Content starts

lemma D_bounded_if_diam_one:
  assumes diam: "\<And>x. k \<le> x \<Longrightarrow> net_diam P G x = 1"
    and "1 \<le> k" "k \<le> r" "r \<le> s" "k \<le> s + 1 - r"
  shows "D_bounded P G k r s"
proof -
  let ?S = "{net_diam P G x | x. r \<le> x \<and> x \<le> s \<and> enat x + net_diam P G x \<le> enat s + 1}"
  have "?S = {1}"
  proof
    show "?S \<subseteq> {1}" using diam assms by auto
    have "enat r + 1 \<le> enat s + 1" using assms by (simp add: one_enat_def)
    then show "{1} \<subseteq> ?S" using diam assms by force
  qed
  then have "interval_diam P G r s = 1" unfolding interval_diam_def Let_def by simp
  moreover have "net_diam P G (s + 1 - k) = 1" using diam assms by auto
  ultimately show ?thesis unfolding D_bounded_def using assms by (simp add: one_enat_def)
qed

text \<open>Before round \<open>k\<close> the root component is not \<open>{c}\<close>, so no vertex-stable root component
  reaches across round \<open>k\<close>; every stable interval of length at least \<open>k\<close> therefore lies in the
  star phase, where the causal diameter is \<open>1\<close>.\<close>

lemma assumption1_if_eventually_star:
  assumes "c \<in> P" "1 \<le> k"
    and star: "\<And>t. k \<le> t \<Longrightarrow> G t = star_edges P c"
    and before: "\<And>t. 1 \<le> t \<Longrightarrow> t < k \<Longrightarrow> \<exists>R. R \<noteq> {c} \<and> (\<forall>R'. root_component P G t R' \<longleftrightarrow> R' = R)"
  shows "assumption1 P G k"
proof -
  have diam: "net_diam P G x = 1" if "k \<le> x" for x
    using net_diam_star[of G x P c] star that assms(1) by blast
  have star_root: "root_component P G t R \<longleftrightarrow> R = {c}" if "k \<le> t" for t R
    using root_component_star_iff[of G t P c] star that assms(1) by blast
  have unique: "\<exists>!R. root_component P G t R" if "1 \<le> t" for t
  proof (cases "k \<le> t")
    case True
    then show ?thesis using star_root by auto
  next
    case False
    then show ?thesis using before[OF that] by fastforce
  qed
  have stable: "D_bounded P G k r s"
    if "1 \<le> r" "r \<le> s" "k \<le> s + 1 - r" "vstable P G r s R" for r s R
  proof -
    have "k \<le> r"
    proof (rule ccontr)
      assume "\<not> k \<le> r"
      then have "R = {c}" using that star_root[of s R] unfolding vstable_def by auto
      moreover have "root_component P G r R" using that unfolding vstable_def by auto
      ultimately show False using before[of r] that \<open>\<not> k \<le> r\<close> by auto
    qed
    then show ?thesis using D_bounded_if_diam_one[OF diam] that assms(2) by blast
  qed
  have "vstable P G k (k + (4 * k + 1)) {c}" unfolding vstable_def using star_root by auto
  moreover have "D_bounded P G k k (k + (4 * k + 1))"
    using D_bounded_if_diam_one[OF diam] assms(2) by auto
  ultimately show ?thesis
    unfolding assumption1_def using unique stable assms(2) by (metis less_add_one)
qed

definition ring :: "nat \<Rightarrow> nat set" where
  "ring L = {2..<L + 2}"

text \<open>Ring edges run \<open>2 \<rightarrow> 3 \<rightarrow> \<dots> \<rightarrow> L + 1 \<rightarrow> 2\<close>; \<open>ring_dist L p j\<close> is the number of
  edges from \<open>p\<close> to \<open>j\<close>.\<close>

definition ring_pred :: "nat \<Rightarrow> nat \<Rightarrow> nat" where
  "ring_pred L p = (if p = 2 then L + 1 else p - 1)"

definition ring_edges :: "nat \<Rightarrow> nat set \<Rightarrow> (nat \<times> nat) set" where
  "ring_edges L S = {(ring_pred L p, p) | p. p \<in> S}"

definition ring_dist :: "nat \<Rightarrow> nat \<Rightarrow> nat \<Rightarrow> nat" where
  "ring_dist L p j = (if p \<le> j then j - p else j + L - p)"

lemma ring_ge_2: "p \<in> ring L \<Longrightarrow> 2 \<le> p"
  by (simp add: ring_def)

lemma ring_pred_in_ring: "p \<in> ring L \<Longrightarrow> ring_pred L p \<in> ring L"
  by (auto simp: ring_def ring_pred_def)

lemma ring_pred_neq: "p \<in> ring L \<Longrightarrow> 2 \<le> L \<Longrightarrow> ring_pred L p \<noteq> p"
  by (auto simp: ring_def ring_pred_def)

lemma ring_dist_eq_0_iff: "p \<in> ring L \<Longrightarrow> j \<in> ring L \<Longrightarrow> ring_dist L p j = 0 \<longleftrightarrow> p = j"
  by (auto simp: ring_def ring_dist_def)

lemma ring_dist_pred_target:
  "y \<in> ring L \<Longrightarrow> f \<in> ring L \<Longrightarrow> y \<noteq> f \<Longrightarrow> ring_dist L f (ring_pred L y) = ring_dist L f y - 1"
  by (auto simp: ring_def ring_dist_def ring_pred_def)

lemma ring_dist_pred_source:
  "p \<in> ring L \<Longrightarrow> j \<in> ring L \<Longrightarrow> ring_dist L p j + 1 < L \<Longrightarrow>
    ring_dist L (ring_pred L p) j = ring_dist L p j + 1"
  by (auto simp: ring_def ring_dist_def ring_pred_def)

lemma card_ring_ball: "j \<in> ring L \<Longrightarrow> card {p \<in> ring L. ring_dist L p j \<le> m} \<le> Suc m"
proof -
  assume "j \<in> ring L"
  then have "inj_on (\<lambda>p. ring_dist L p j) (ring L)"
    by (auto simp: ring_def ring_dist_def inj_on_def split: if_splits)
  then have "card {p \<in> ring L. ring_dist L p j \<le> m} \<le> card {..m}"
    by (intro card_inj_on_le[where f="\<lambda>p. ring_dist L p j"]) (auto simp: inj_on_def)
  then show ?thesis by simp
qed

lemma ring_reachable:
  assumes "f \<in> ring L" "(a, f) \<in> E\<^sup>*"
    and pred_edge: "\<And>y. y \<in> ring L \<Longrightarrow> y \<noteq> f \<Longrightarrow> (ring_pred L y, y) \<in> E \<or> (a, y) \<in> E\<^sup>*"
    and "y \<in> ring L"
  shows "(a, y) \<in> E\<^sup>*"
proof -
  have "\<forall>y \<in> ring L. ring_dist L f y = m \<longrightarrow> (a, y) \<in> E\<^sup>*" for m
  proof (induction m)
    case 0
    then show ?case using ring_dist_eq_0_iff[of f L] assms(1,2) by blast
  next
    case (Suc m)
    show ?case
    proof (intro ballI impI)
      fix y assume y: "y \<in> ring L" and dist: "ring_dist L f y = Suc m"
      then have "y \<noteq> f" using ring_dist_eq_0_iff[of f L y] assms(1) by auto
      moreover have "(a, ring_pred L y) \<in> E\<^sup>*"
        using Suc.IH ring_pred_in_ring[OF y] ring_dist_pred_target[OF y assms(1) \<open>y \<noteq> f\<close>] dist
        by simp
      ultimately show "(a, y) \<in> E\<^sup>*"
        using pred_edge[OF y] by (meson rtrancl_into_rtrancl)
    qed
  qed
  then show ?thesis using assms(4) by blast
qed

lemma root_component_ring_iff:
  assumes "E t = ring_edges L (ring L)" "2 \<le> L"
  shows "root_component (ring L) E t R \<longleftrightarrow> R = ring L"
proof -
  have strong: "(x, y) \<in> (E t)\<^sup>*" if "x \<in> ring L" "y \<in> ring L" for x y
    by (rule ring_reachable[of x]) (use that assms in \<open>auto simp: ring_edges_def\<close>)
  show ?thesis
  proof
    assume rc: "root_component (ring L) E t R"
    then obtain p where "p \<in> R" "R \<subseteq> ring L" unfolding root_component_def by blast
    then show "R = ring L" using rc strong unfolding root_component_def by blast
  next
    have "2 \<in> ring L" using assms(2) by (simp add: ring_def)
    moreover have "E t \<subseteq> ring L \<times> ring L"
      using assms ring_pred_in_ring by (auto simp: ring_edges_def)
    moreover assume "R = ring L"
    ultimately show "root_component (ring L) E t R"
      using strong unfolding root_component_def by blast
  qed
qed

definition admissible :: "nat set \<Rightarrow> (nat \<Rightarrow> (nat \<times> nat) set) \<Rightarrow> nat \<Rightarrow> bool" where
  "admissible P G D \<longleftrightarrow> finite P \<and> card P \<ge> 2 \<and> simple_graphs P G \<and> D \<ge> 1 \<and> assumption1 P G D"

definition pair_graphs :: "nat \<Rightarrow> (nat \<times> nat) set" where
  "pair_graphs t = star_edges {0, 1} 0"

definition ring_graphs :: "nat \<Rightarrow> nat \<Rightarrow> nat \<Rightarrow> (nat \<times> nat) set" where
  "ring_graphs L T t = (if t \<le> T then ring_edges L (ring L) else star_edges (ring L) 2)"

lemma ring_edges_simple:
  assumes "S \<subseteq> ring L" "2 \<le> L"
  shows "ring_edges L S \<subseteq> ring L \<times> ring L" "(p, p) \<notin> ring_edges L S"
  using assms ring_pred_in_ring ring_pred_neq[of _ L, symmetric] by (auto simp: ring_edges_def)

lemma admissible_pair: "admissible {0, 1} pair_graphs 1"
proof -
  have "assumption1 {0, 1} pair_graphs 1"
    by (rule assumption1_if_eventually_star[of 0]) (auto simp: pair_graphs_def)
  then show ?thesis
    by (auto simp: admissible_def simple_graphs_def pair_graphs_def star_edges_def)
qed

lemma admissible_ring:
  assumes "2 \<le> L"
  shows "admissible (ring L) (ring_graphs L T) (T + 1)"
proof -
  have "2 \<in> ring L" "3 \<in> ring L" using assms by (auto simp: ring_def)
  have "root_component (ring L) (ring_graphs L T) t R \<longleftrightarrow> R = ring L" if "t \<le> T" for t R
    using root_component_ring_iff[of "ring_graphs L T" t L] that assms by (simp add: ring_graphs_def)
  moreover have "ring L \<noteq> {2}" using \<open>3 \<in> ring L\<close> by auto
  ultimately have "assumption1 (ring L) (ring_graphs L T) (T + 1)"
    using \<open>2 \<in> ring L\<close>
    by (intro assumption1_if_eventually_star[of 2]) (auto simp: ring_graphs_def)
  moreover have "simple_graphs (ring L) (ring_graphs L T)"
    using \<open>2 \<in> ring L\<close> ring_edges_simple[of "ring L" L] assms
    by (auto simp: simple_graphs_def ring_graphs_def star_edges_def)
  moreover have "card (ring L) = L" by (simp add: ring_def)
  ultimately show ?thesis using assms by (simp add: admissible_def ring_def)
qed

text \<open>\<open>front L T l t\<close> is the set of ring processes whose state after round \<open>t\<close> can still
  reach \<open>l\<close> or the star centre \<open>2\<close> along ring edges by round \<open>T\<close>.\<close>

definition front :: "nat \<Rightarrow> nat \<Rightarrow> nat \<Rightarrow> nat \<Rightarrow> nat set" where
  "front L T l t = {p \<in> ring L. ring_dist L p l \<le> T - t \<or> ring_dist L p 2 \<le> T - t}"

Content ends

WORK INSTRUCTION:
Your answer should be the exact lines above from the one with "t \<Longrightarrow> t" through the one with "using net_diam_star[of G", both included, and nothing besides.

RESULT FOR THIS TASK:
    and before: "\<And>t. 1 \<le> t \<Longrightarrow> t < k \<Longrightarrow> \<exists>R. R \<noteq> {c} \<and> (\<forall>R'. root_component P G t R' \<longleftrightarrow> R' = R)"
  shows "assumption1 P G k"
proof -
  have diam: "net_diam P G x = 1" if "k \<le> x" for x
    using net_diam_star[of G x P c] star that assms(1) by blast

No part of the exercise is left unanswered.